Again with the talk radio! This one happened yesterday. Mark Levin, who for some reason I always imagine looks like the scrawny, evil rat from
The Secret of NIMH, was out of his chair yesterday, and there was a guest host, Michael Barrett. He was ranting about how the "current generation" has thrown out the wisdom of the past, and has proclaimed:
Man, if you think marriage ought to be between a man and a woman, and not between two men and two women, you're not with it. If you think our country is great, you're not with it. If you believe we should support the troops, you're not with it. If you believe we should not write hateful things about women and should not put those songs on the radio, man, you're just not with it.
I was gobsmacked by the hateful idiocy contained in that rant. This is one of those classic "ascribe to your enemies all the qualities you perceive in yourself" rants that seem to be coming more and more out of the right.
Karl Rove famously described his strategy thusly. Find your own candidates greatest weakness. Now, accuse your opponent of it. He'll be so flustered with the idea that he'll have a hard time defending himself against it, it will distract from your own candidate's weakness, and it will give the press something to talk about. It worked well against John Kerry and Al Gore: both Vietnam Vets, both athletes, yet by impugning their physical courage and getting the press to talk about it, Rove was able to give his cheerleader and draft-dodger candidate breathing room to make alternative cases while Gore and Kerry flailed about, shocked and horrified that anyone would dare make such an attack on their patriotism.
Barrett's rant makes me think that the Rovian cancer has mestastasized within the conservative body politic. Because here he is, the conservative talk show host, advocating a hateful attitude toward his own country: most people, he says, are idiots. Hate them. Resent them. The 53% of Americans who voted for Obama are either hateful anti-Americans or they're pureblind idiots.
I believe we should give our troops all the support they need: most of that support ought to be dedicated to making sure they get home safely from the unnecessary war of choice. I believe that my country is great and founded on great principles: principles I desperately want my country to embrace and honor in the fullest. I believe that it was and always has been a mistake for the state to arbitrarily recognize the religious commitment called "marriage," and that there is room enough in our civilization for the odd 2% to have civil relationships that encourage fidelity and responsibility. I believe that respect toward women and men is a crucial part of our culture, and that the foul material heard in some radio doesn't deserve the attention it gets, but censorship isn't the answer.
But Barrett wasn't done with his rant. He went on to say,
Let me ask you something. They all say we shouldn't look to the past, but we should look forward. The past has nothing to teach us. Tradition isn't valuable. Let me ask you this: Are cars better than they were 30 years ago? Are your children safer than they were 30 years ago? Are parents better than they were 30 years ago?
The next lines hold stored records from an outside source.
text \<open>A (simple) graph on the vertex set {0..<n} is given by its number of
vertices n and a symmetric irreflexive adjacency relation adj.
Matrices are functions nat => nat => real indexed by {0..<n}.\<close>

definition degree :: "nat \<Rightarrow> (nat \<Rightarrow> nat \<Rightarrow> bool) \<Rightarrow> nat \<Rightarrow> nat" where
  "degree n adj i = card {j. j < n \<and> adj i j}"

definition A_alpha :: "real \<Rightarrow> nat \<Rightarrow> (nat \<Rightarrow> nat \<Rightarrow> bool) \<Rightarrow> nat \<Rightarrow> nat \<Rightarrow> real" where
  "A_alpha \<alpha> n adj i j =
     \<alpha> * (if i = j then real (degree n adj i) else 0)
     + (1 - \<alpha>) * (if adj i j then 1 else 0)"

definition is_eigenvalue :: "nat \<Rightarrow> (nat \<Rightarrow> nat \<Rightarrow> real) \<Rightarrow> real \<Rightarrow> bool" where
  "is_eigenvalue n M mu \<longleftrightarrow>
     (\<exists>v :: nat \<Rightarrow> real. (\<exists>i<n. v i \<noteq> 0) \<and>
        (\<forall>i<n. (\<Sum>j<n. M i j * v j) = mu * v i))"

text \<open>Largest eigenvalue of A_alpha(G) (all eigenvalues are real, the matrix being symmetric).\<close>
definition rho_alpha :: "real \<Rightarrow> nat \<Rightarrow> (nat \<Rightarrow> nat \<Rightarrow> bool) \<Rightarrow> real" where
  "rho_alpha \<alpha> n adj = Max {mu. is_eigenvalue n (A_alpha \<alpha> n adj) mu}"

definition complete_graph :: "nat \<Rightarrow> nat \<Rightarrow> bool" where
  "complete_graph i j \<longleftrightarrow> i \<noteq> j"

definition empty_graph :: "nat \<Rightarrow> nat \<Rightarrow> bool" where
  "empty_graph i j \<longleftrightarrow> False"

text \<open>Join of a graph G on {0..<a} and a graph H on {0..<b}, as a graph on {0..<a+b}:
vertices of H are shifted by a.\<close>
definition graph_join :: "nat \<Rightarrow> (nat \<Rightarrow> nat \<Rightarrow> bool) \<Rightarrow> (nat \<Rightarrow> nat \<Rightarrow> bool) \<Rightarrow> nat \<Rightarrow> nat \<Rightarrow> bool" where
  "graph_join a G H i j \<longleftrightarrow>
     (i < a \<and> j < a \<and> G i j) \<or> (a \<le> i \<and> a \<le> j \<and> H (i - a) (j - a))
     \<or> (i < a \<and> a \<le> j) \<or> (a \<le> i \<and> j < a)"

definition f_bound :: "real \<Rightarrow> real" where
  "f_bound \<alpha> = (if \<alpha> \<le> 1/2 then 14 else if \<alpha> \<le> 2/3 then 17
                 else if \<alpha> \<le> 3/4 then 20 else 5 / (1 - \<alpha>) + 1)"

definition eta_poly :: "real \<Rightarrow> real \<Rightarrow> real \<Rightarrow> real" where
  "eta_poly \<alpha> n x = x ^ 3 - ((\<alpha> + 1) * n + \<alpha> - 4) * x ^ 2
     + (\<alpha> * n ^ 2 + (\<alpha> ^ 2 - 2 * \<alpha> - 1) * n - 2 * \<alpha> + 1) * x
     - \<alpha> ^ 2 * n ^ 2 + (5 * \<alpha> ^ 2 - 3 * \<alpha> + 2) * n - 10 * \<alpha> ^ 2 + 15 * \<alpha> - 8"

definition eta :: "real \<Rightarrow> real \<Rightarrow> real" where
  "eta \<alpha> n = Max {x. eta_poly \<alpha> n x = 0}"

end

theory Submission
  imports Defs "HOL-Computational_Algebra.Polynomial"
begin

text \<open>The \<open>A\<^sub>\<alpha>\<close>-eigenvalues of \<open>K\<^sub>s \<or> (n - s)K\<^sub>1\<close> are \<open>\<alpha>n - 1\<close>, \<open>\<alpha>s\<close> and the roots
  of the characteristic quadratic of the \<open>2 \<times> 2\<close> quotient matrix for the partition into clique and
  independent set. For \<open>n = 3s - 1\<close> the condition \<open>n \<ge> f(\<alpha>)\<close> amounts to \<open>(1 - \<alpha>)n \<ge> 5\<close>, which puts
  all of them below \<open>n - 3\<close>. The cubic defining \<open>\<eta>(n)\<close> is negative at \<open>n - 3\<close> and nonnegative at
  \<open>n\<close>, so it has a root above \<open>n - 3\<close>.\<close>

lemma sum_A_alpha_row:
  assumes "i < n"
  shows "(\<Sum>j<n. A_alpha \<alpha> n adj i j * v j)
       = \<alpha> * real (Defs.degree n adj i) * v i + (1 - \<alpha>) * (\<Sum>j | j < n \<and> adj i j. v j)"
proof -
  have "(\<Sum>j<n. A_alpha \<alpha> n adj i j * v j)
      = (\<Sum>j<n. if i = j then \<alpha> * real (Defs.degree n adj i) * v j else 0)
        + (1 - \<alpha>) * (\<Sum>j<n. if adj i j then v j else 0)"
    unfolding sum_distrib_left sum.distrib[symmetric]
    by (intro sum.cong) (auto simp: A_alpha_def algebra_simps)
  also have "(\<Sum>j | j < n \<and> adj i j. v j) = (\<Sum>j<n. if adj i j then v j else 0)"
    by (simp add: sum.inter_filter[symmetric] conj_commute)
  ultimately show ?thesis
    using assms by simp
qed

abbreviation complete_split_graph :: "nat \<Rightarrow> nat \<Rightarrow> nat \<Rightarrow> bool" where
  "complete_split_graph s \<equiv> graph_join s complete_graph empty_graph"

lemma complete_split_graph_iff:
  "complete_split_graph s i j \<longleftrightarrow> i \<noteq> j \<and> (i < s \<or> j < s)"
  by (auto simp: graph_join_def complete_graph_def empty_graph_def)
(* Let $\delta=\ln\left(\frac{\beta}{1-\beta}\right)$ and $c=\frac{4M(2M+1)}{\mu(1-\beta)}\cdot\frac{\exp(\varepsilon/2)+1}{\exp(\varepsilon/2)-1}$, and let $N$ be sufficiently large such that $\sqrt{\frac{g(N)}{\ln N}}\ge c\,\frac{M^{\ln5/\delta^2}}{\delta}$. Then in any round $r$, with probability at least $1-\frac{10M+3}{N^{10}}$, $$\widehat Q_j^r\overset{1+2\delta_Q}{\sim}Q_j^{r-1}\quad\text{for every option }j,$$ where $\delta_Q=c\sqrt{\frac{\ln N}{g(N)}}$ and $\widehat Q_j^r=\frac1N\sum_{i=1}^N\widehat Q^r_{i,j}$.
   Context: Notation: for reals $a,b$ and $c\ge0$, $a\overset{c}{\sim}b$ means $\frac1c\le\frac ab\le c$. Setting. $\mathcal G=(\mathcal N,\mathcal E)$ is a connected, non-bipartite undirected graph on agents $\mathcal N=\{1,\dots,N\}$; $\mathcal N_i$ is the neighbor set of $i$, $N_i=|\mathcal N_i|$. There are $M$ options; quality signals $\Phi_j^r\in\{0,1\}$ are i.i.d. Bernoulli$(\eta_j)$ over rounds. $X^r_{i,j}\in\{0,1\}$ indicates agent $i$ adopts option $j$ in round $r$ ($\sum_jX^r_{i,j}\le1$); $D^r_j=\sum_iX^r_{i,j}$, $D^r=\sum_jD^r_j$, popularity $Q^r_j=D^r_j/D^r$, $Q^0_j=1/M$. The function $g:\mathbb N^+\to\mathbb R$ satisfies: for every $\ell>0$, $g(N)>\ell\ln N$ and $g(N)<\ell N$ for all sufficiently large $N$. Parameters: $\varepsilon>0$, $\mu\in(0,1)$, $\beta\in(1/2,\frac{e}{e+1})$ (so $0<\delta\le1$), $\sigma\ge11$, $h=16\sigma/(1-\beta)$. Metropolis–Hastings random walk: from $i$ move to $i'\in\mathcal N_i$ with probability $\min\{1/N_i,1/N_{i'}\}$, else stay; walk length $L=O(\log N)$ chosen so that the endpoint is at each agent with probability in $[\frac1N-\frac1{N^3},\frac1N+\frac1{N^3}]$. Round $r$: (1) an agent that adopted an option in round $r-1$ perturbs each coordinate of its adoption vector independently (keep with probability $\frac{e^{\varepsilon/2}}{e^{\varepsilon/2}+1}$, flip otherwise); (2) each such agent launches $hg(N)$ independent random-walk tokens of length $L$ carrying its perturbed vector (forwarded via per-agent FIFO queues, up to $hg(N)$ tokens per agent per slot); a token is sampled by the agent where it ends; (3) with $\Lambda^r_{i,j}$ the fraction of $i$'s sampled vectors with $j$-th coordinate $1$, $\widetilde Q^r_{i,j}=\max\{\frac{e^{\varepsilon/2}+1}{e^{\varepsilon/2}-1}\Lambda^r_{i,j}-\frac1{e^{\varepsilon/2}-1},0\}$, $\widehat Q^r_{i,j}=\widetilde Q^r_{i,j}/\sum_{j'}\widetilde Q^r_{i,j'}$, and $i$ selects option $j$ with probability $(1-\mu)\widehat Q^r_{i,j}+\mu/M$; (4) having selected $j^*$, $i$ adopts it with probability $\beta$ if $\Phi^r_{j^*}=1$, $1-\beta$ if $\Phi^r_{j^*}=0$, else adopts nothing. *)

theory Defs
  imports "HOL-Probability.Probability"
begin

text \<open>Agents are 0..N-1, options are 0..M-1. An adoption state is a map
  agent -> adopted option (None = adopted nothing); X i = Some j encodes X_{i,j} = 1.\<close>

definition sim :: "real \<Rightarrow> real \<Rightarrow> real \<Rightarrow> bool" where
  "sim c a b \<longleftrightarrow> 1 / c \<le> a / b \<and> a / b \<le> c"

definition nbrs :: "(nat \<Rightarrow> nat \<Rightarrow> bool) \<Rightarrow> nat \<Rightarrow> nat \<Rightarrow> nat set" where
  "nbrs E N i = {k. k < N \<and> E i k}"

definition deg :: "(nat \<Rightarrow> nat \<Rightarrow> bool) \<Rightarrow> nat \<Rightarrow> nat \<Rightarrow> nat" where
  "deg E N i = card (nbrs E N i)"

definition graph_ok :: "(nat \<Rightarrow> nat \<Rightarrow> bool) \<Rightarrow> nat \<Rightarrow> bool" where
  "graph_ok E N \<longleftrightarrow>
     (\<forall>a b. E a b \<longrightarrow> a < N \<and> b < N) \<and>
     (\<forall>a b. E a b \<longrightarrow> E b a) \<and>
     (\<forall>a. \<not> E a a) \<and>
     (\<forall>a<N. \<forall>b<N. E\<^sup>*\<^sup>* a b) \<and>
     \<not> (\<exists>col :: nat \<Rightarrow> bool. \<forall>a b. E a b \<longrightarrow> col a \<noteq> col b)"

definition mh_prob :: "(nat \<Rightarrow> nat \<Rightarrow> bool) \<Rightarrow> nat \<Rightarrow> nat \<Rightarrow> nat \<Rightarrow> real" where
  "mh_prob E N i k =
     (if k \<in> nbrs E N i then min (1 / real (deg E N i)) (1 / real (deg E N k))
      else if k = i then 1 - (\<Sum>k'\<in>nbrs E N i. min (1 / real (deg E N i)) (1 / real (deg E N k')))
      else 0)"

definition mh_step :: "(nat \<Rightarrow> nat \<Rightarrow> bool) \<Rightarrow> nat \<Rightarrow> nat \<Rightarrow> nat pmf" where
  "mh_step E N i = embed_pmf (mh_prob E N i)"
Cars are better than they were 30 years ago. (1978? Holy cow, that was a crappy year for cars!) They're safer in an accident, they get much better mileage, and they require less costly maintenance. Fewer people die in automobile crashes than they did at any time in history.
Parents: in general, yes. They know more. They have access to more information. There's a better support system than ever in terms of education and community, if only you have the wherewithall to use it. If they let their children fail, they have fewer excuses than at any time in the past.
And yes, children are far safer than they were 30 years ago. Crime statistics universally show them to be safer now than in 1978, or 1968, or even 1958. The current generation is growing up healthier and just as ready to take on the world we're leaving them as we were ready to take on the world our parents left us.
When Barrett goes off like this, what he's really telling his audience is that we should
hate our successes, and wish for the "simpler" time, when the violence and mayhem went on behind closed doors and in the back pages of the newspaper, and we lived in blissful ignorance of the agonies outside our little towns.
Barrett's anti-Americanism, his opposition to the progress we've made, is on full display in his words, and we shouldn't be afraid to call him on it.